BEGIN

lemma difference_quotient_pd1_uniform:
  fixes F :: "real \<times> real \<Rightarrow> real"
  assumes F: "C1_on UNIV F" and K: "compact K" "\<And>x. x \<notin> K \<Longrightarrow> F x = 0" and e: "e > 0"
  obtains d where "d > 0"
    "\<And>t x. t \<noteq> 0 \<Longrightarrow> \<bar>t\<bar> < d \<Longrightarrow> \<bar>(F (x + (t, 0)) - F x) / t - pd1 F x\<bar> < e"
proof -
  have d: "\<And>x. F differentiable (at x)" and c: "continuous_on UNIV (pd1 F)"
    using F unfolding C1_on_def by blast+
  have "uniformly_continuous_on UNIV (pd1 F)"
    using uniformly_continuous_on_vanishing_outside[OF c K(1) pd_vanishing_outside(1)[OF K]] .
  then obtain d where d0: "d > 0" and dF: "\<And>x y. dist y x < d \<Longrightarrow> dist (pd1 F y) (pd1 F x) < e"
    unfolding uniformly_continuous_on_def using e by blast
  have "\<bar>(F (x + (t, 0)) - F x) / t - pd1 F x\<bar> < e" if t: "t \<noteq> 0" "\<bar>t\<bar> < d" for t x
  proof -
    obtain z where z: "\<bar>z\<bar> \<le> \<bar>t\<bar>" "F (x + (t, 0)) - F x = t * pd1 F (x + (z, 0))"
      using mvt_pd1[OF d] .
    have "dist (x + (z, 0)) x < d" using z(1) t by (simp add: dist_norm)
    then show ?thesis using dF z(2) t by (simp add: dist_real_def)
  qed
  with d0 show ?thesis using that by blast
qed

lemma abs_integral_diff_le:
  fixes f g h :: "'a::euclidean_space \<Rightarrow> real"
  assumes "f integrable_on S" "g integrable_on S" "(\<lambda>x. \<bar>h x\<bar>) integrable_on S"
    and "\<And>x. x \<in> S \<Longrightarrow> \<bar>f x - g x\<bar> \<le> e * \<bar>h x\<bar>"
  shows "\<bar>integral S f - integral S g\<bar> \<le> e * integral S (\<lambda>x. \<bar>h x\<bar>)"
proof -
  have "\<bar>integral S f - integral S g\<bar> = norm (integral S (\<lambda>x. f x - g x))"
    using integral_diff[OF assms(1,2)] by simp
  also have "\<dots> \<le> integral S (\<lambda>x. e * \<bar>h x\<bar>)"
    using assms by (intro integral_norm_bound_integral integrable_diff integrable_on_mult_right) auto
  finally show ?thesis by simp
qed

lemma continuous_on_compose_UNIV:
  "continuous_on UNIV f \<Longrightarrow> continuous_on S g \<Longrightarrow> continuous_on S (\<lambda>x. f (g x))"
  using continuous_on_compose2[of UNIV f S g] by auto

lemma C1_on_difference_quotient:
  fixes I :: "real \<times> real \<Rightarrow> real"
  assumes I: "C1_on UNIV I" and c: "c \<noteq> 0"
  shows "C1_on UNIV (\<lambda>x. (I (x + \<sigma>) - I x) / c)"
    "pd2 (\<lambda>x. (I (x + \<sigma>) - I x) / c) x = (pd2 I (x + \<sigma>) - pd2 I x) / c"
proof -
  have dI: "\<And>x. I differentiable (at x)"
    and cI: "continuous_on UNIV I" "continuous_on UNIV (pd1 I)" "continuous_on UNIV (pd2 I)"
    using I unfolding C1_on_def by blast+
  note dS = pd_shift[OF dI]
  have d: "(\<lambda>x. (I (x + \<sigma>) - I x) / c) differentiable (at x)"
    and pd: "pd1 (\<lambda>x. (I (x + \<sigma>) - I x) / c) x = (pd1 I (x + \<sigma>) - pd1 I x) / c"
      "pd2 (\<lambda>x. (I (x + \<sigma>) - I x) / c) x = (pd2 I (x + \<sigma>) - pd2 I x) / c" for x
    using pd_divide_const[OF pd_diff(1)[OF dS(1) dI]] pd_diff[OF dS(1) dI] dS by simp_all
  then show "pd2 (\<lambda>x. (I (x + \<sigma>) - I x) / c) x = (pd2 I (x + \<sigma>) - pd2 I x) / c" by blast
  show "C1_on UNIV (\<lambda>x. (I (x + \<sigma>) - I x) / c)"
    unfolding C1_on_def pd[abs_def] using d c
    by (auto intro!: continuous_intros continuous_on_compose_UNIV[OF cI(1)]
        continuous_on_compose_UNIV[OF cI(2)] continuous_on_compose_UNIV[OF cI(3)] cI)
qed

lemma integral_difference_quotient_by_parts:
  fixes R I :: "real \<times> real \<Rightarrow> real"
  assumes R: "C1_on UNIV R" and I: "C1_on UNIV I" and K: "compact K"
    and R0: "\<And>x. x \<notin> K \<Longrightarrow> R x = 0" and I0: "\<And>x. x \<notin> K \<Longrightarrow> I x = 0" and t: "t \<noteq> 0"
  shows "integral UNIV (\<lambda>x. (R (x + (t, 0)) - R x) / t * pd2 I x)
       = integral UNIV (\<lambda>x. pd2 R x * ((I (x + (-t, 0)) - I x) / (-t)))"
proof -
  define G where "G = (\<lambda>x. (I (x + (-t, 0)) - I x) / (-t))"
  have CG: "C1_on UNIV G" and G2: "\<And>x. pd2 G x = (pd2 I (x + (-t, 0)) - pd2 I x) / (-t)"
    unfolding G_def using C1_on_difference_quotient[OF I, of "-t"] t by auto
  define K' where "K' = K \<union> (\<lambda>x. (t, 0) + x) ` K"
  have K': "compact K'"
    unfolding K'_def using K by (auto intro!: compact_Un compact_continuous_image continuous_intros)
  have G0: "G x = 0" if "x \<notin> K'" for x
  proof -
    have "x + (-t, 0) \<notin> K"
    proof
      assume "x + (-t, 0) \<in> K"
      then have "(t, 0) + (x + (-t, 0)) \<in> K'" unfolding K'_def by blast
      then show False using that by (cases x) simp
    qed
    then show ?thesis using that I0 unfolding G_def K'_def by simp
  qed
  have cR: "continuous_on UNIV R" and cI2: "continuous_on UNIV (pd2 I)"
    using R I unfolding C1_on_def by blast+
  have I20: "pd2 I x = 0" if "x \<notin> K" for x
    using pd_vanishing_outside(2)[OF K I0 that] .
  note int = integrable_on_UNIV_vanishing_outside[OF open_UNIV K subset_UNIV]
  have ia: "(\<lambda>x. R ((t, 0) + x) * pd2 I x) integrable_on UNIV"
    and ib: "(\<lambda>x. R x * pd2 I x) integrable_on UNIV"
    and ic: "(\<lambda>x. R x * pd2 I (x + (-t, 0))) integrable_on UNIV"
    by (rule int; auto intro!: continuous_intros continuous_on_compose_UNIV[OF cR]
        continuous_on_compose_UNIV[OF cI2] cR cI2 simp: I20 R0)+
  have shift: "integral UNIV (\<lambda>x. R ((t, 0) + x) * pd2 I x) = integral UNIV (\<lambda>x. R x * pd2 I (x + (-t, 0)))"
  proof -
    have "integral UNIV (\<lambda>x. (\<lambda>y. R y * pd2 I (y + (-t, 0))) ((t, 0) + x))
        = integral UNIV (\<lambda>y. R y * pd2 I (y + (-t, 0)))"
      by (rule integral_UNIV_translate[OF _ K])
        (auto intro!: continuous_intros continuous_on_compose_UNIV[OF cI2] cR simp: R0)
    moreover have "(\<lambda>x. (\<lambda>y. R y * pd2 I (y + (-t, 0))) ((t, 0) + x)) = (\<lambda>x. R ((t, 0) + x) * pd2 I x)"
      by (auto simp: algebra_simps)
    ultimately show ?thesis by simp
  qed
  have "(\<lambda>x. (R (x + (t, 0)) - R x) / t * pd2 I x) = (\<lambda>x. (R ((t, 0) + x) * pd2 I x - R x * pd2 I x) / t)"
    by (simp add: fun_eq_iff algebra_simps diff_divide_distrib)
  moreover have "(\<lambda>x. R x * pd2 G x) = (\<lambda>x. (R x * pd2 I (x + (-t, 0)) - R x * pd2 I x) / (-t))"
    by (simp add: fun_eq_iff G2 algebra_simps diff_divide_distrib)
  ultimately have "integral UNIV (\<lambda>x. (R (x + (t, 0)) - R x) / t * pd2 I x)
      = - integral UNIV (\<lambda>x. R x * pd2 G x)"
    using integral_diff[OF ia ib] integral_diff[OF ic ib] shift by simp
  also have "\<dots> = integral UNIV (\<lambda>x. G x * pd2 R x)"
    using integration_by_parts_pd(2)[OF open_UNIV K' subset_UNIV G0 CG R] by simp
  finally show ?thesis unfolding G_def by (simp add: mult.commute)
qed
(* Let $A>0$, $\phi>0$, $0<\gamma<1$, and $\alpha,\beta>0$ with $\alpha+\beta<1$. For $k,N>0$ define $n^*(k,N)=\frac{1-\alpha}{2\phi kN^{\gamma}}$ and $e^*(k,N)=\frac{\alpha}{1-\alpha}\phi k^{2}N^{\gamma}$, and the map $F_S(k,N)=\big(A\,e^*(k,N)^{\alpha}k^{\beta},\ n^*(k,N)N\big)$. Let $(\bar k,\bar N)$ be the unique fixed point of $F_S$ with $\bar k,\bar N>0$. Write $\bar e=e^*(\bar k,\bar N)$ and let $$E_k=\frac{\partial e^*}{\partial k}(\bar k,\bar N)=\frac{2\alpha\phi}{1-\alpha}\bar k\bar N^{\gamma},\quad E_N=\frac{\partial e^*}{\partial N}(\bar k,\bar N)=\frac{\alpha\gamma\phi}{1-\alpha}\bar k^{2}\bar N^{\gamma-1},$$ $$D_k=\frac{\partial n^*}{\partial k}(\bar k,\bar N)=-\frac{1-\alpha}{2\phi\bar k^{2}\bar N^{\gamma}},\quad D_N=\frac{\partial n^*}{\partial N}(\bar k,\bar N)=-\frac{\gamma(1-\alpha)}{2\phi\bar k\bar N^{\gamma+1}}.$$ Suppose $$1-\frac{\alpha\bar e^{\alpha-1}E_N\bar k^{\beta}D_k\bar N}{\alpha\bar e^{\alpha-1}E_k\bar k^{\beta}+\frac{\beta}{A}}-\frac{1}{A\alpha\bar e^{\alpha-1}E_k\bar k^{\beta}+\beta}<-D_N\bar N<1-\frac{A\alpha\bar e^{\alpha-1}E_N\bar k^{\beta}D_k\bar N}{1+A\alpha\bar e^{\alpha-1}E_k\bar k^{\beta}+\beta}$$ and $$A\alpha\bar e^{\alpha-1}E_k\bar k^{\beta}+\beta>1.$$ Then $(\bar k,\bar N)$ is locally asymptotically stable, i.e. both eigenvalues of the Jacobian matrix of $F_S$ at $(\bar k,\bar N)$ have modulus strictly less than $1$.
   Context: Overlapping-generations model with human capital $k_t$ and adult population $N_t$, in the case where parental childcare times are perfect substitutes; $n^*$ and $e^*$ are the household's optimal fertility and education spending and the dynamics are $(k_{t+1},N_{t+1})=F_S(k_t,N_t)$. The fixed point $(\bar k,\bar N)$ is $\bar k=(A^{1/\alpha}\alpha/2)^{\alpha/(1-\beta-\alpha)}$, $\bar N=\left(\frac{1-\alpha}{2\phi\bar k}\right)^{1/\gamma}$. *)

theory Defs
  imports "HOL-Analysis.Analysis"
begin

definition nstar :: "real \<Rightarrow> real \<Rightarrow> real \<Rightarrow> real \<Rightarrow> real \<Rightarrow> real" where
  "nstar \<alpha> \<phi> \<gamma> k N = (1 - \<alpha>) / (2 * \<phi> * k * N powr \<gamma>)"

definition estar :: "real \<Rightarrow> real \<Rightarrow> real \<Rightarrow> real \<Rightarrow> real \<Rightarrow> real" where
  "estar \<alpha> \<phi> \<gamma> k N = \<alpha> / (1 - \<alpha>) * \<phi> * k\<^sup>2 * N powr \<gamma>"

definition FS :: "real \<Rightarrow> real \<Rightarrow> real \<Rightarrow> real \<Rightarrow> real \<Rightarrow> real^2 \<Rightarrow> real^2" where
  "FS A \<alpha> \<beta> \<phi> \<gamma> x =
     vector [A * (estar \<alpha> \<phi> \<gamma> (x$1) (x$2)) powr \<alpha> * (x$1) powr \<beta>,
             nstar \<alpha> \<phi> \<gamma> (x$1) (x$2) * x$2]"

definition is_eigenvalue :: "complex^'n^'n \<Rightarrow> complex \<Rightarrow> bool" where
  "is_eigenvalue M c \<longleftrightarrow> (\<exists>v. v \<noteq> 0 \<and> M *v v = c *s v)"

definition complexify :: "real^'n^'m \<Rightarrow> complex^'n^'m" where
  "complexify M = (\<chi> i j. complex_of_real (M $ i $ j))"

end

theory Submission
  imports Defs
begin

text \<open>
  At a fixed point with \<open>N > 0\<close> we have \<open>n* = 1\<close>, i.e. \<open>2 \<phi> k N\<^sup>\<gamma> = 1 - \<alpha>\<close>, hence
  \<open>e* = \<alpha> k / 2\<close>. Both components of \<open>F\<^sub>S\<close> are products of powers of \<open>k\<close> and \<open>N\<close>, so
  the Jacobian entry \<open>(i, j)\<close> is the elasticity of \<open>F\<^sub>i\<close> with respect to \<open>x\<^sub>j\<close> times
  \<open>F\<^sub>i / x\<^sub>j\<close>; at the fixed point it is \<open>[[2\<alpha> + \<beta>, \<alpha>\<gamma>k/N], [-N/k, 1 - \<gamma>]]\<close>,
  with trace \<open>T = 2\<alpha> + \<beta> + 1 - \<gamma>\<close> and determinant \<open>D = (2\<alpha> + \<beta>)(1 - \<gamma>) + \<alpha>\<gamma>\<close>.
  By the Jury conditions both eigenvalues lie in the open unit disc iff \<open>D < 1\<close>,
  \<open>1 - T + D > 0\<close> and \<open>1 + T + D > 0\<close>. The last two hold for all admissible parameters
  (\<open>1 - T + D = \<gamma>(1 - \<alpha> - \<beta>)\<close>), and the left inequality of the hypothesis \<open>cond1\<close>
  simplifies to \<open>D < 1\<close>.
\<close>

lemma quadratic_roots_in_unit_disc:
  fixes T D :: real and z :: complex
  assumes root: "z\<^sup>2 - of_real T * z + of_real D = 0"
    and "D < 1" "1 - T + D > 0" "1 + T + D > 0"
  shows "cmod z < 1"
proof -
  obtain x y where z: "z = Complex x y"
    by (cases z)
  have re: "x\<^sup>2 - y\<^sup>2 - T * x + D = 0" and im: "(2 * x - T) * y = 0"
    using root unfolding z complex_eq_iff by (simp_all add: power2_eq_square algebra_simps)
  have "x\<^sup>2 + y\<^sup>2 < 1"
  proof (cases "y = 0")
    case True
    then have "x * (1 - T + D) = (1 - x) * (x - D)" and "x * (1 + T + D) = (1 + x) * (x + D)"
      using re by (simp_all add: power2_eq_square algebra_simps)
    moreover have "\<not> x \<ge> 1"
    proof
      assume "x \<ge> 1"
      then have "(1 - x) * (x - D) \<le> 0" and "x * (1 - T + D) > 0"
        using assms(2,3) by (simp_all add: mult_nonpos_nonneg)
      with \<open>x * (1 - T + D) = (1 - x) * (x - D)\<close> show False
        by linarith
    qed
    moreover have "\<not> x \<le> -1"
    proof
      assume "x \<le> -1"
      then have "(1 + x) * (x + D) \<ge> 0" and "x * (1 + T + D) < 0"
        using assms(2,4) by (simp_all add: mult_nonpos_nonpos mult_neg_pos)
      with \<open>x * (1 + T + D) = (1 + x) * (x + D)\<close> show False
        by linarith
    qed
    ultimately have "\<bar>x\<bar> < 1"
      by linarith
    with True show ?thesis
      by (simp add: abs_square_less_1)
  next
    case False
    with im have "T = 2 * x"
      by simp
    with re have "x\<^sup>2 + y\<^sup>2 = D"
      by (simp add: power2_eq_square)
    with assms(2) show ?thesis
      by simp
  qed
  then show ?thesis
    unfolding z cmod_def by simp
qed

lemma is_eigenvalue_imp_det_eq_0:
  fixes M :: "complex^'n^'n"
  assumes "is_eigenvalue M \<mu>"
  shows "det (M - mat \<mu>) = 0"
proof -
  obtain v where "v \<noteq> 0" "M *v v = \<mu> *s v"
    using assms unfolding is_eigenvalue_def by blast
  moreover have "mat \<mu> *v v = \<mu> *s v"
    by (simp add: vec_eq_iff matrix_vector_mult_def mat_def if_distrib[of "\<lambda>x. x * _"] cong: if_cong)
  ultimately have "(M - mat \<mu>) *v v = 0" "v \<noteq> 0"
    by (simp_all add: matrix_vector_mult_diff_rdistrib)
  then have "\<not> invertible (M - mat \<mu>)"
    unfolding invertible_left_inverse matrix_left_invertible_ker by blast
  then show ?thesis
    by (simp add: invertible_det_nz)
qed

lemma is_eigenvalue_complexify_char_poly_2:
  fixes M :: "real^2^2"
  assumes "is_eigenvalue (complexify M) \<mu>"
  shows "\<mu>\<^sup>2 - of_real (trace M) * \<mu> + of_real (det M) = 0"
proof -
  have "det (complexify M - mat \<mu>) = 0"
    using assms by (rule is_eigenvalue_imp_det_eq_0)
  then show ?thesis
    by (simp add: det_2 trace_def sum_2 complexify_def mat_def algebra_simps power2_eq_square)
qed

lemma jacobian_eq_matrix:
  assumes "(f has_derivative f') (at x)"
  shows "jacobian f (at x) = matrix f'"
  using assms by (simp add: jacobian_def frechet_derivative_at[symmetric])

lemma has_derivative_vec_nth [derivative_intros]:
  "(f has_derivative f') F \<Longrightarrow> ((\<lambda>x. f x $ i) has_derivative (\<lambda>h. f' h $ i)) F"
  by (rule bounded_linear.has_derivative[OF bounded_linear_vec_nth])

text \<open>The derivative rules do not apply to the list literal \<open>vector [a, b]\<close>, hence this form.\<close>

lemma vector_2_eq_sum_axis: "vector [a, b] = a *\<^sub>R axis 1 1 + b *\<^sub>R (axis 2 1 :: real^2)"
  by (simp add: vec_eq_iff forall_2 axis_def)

END

§ WHAT YOU NEED TO DO: Beginning at the top of the data, extract each line through the line containing "using uniformly_continuous_on_vanishing_outside[OF c" and return those lines exactly, with nothing added.

§ SOLUTION FOR THIS EXERCISE:
lemma difference_quotient_pd1_uniform:
  fixes F :: "real \<times> real \<Rightarrow> real"
  assumes F: "C1_on UNIV F" and K: "compact K" "\<And>x. x \<notin> K \<Longrightarrow> F x = 0" and e: "e > 0"
  obtains d where "d > 0"
    "\<And>t x. t \<noteq> 0 \<Longrightarrow> \<bar>t\<bar> < d \<Longrightarrow> \<bar>(F (x + (t, 0)) - F x) / t - pd1 F x\<bar> < e"
proof -
  have d: "\<And>x. F differentiable (at x)" and c: "continuous_on UNIV (pd1 F)"
    using F unfolding C1_on_def by blast+
  have "uniformly_continuous_on UNIV (pd1 F)"
    using uniformly_continuous_on_vanishing_outside[OF c K(1) pd_vanishing_outside(1)[OF K]] .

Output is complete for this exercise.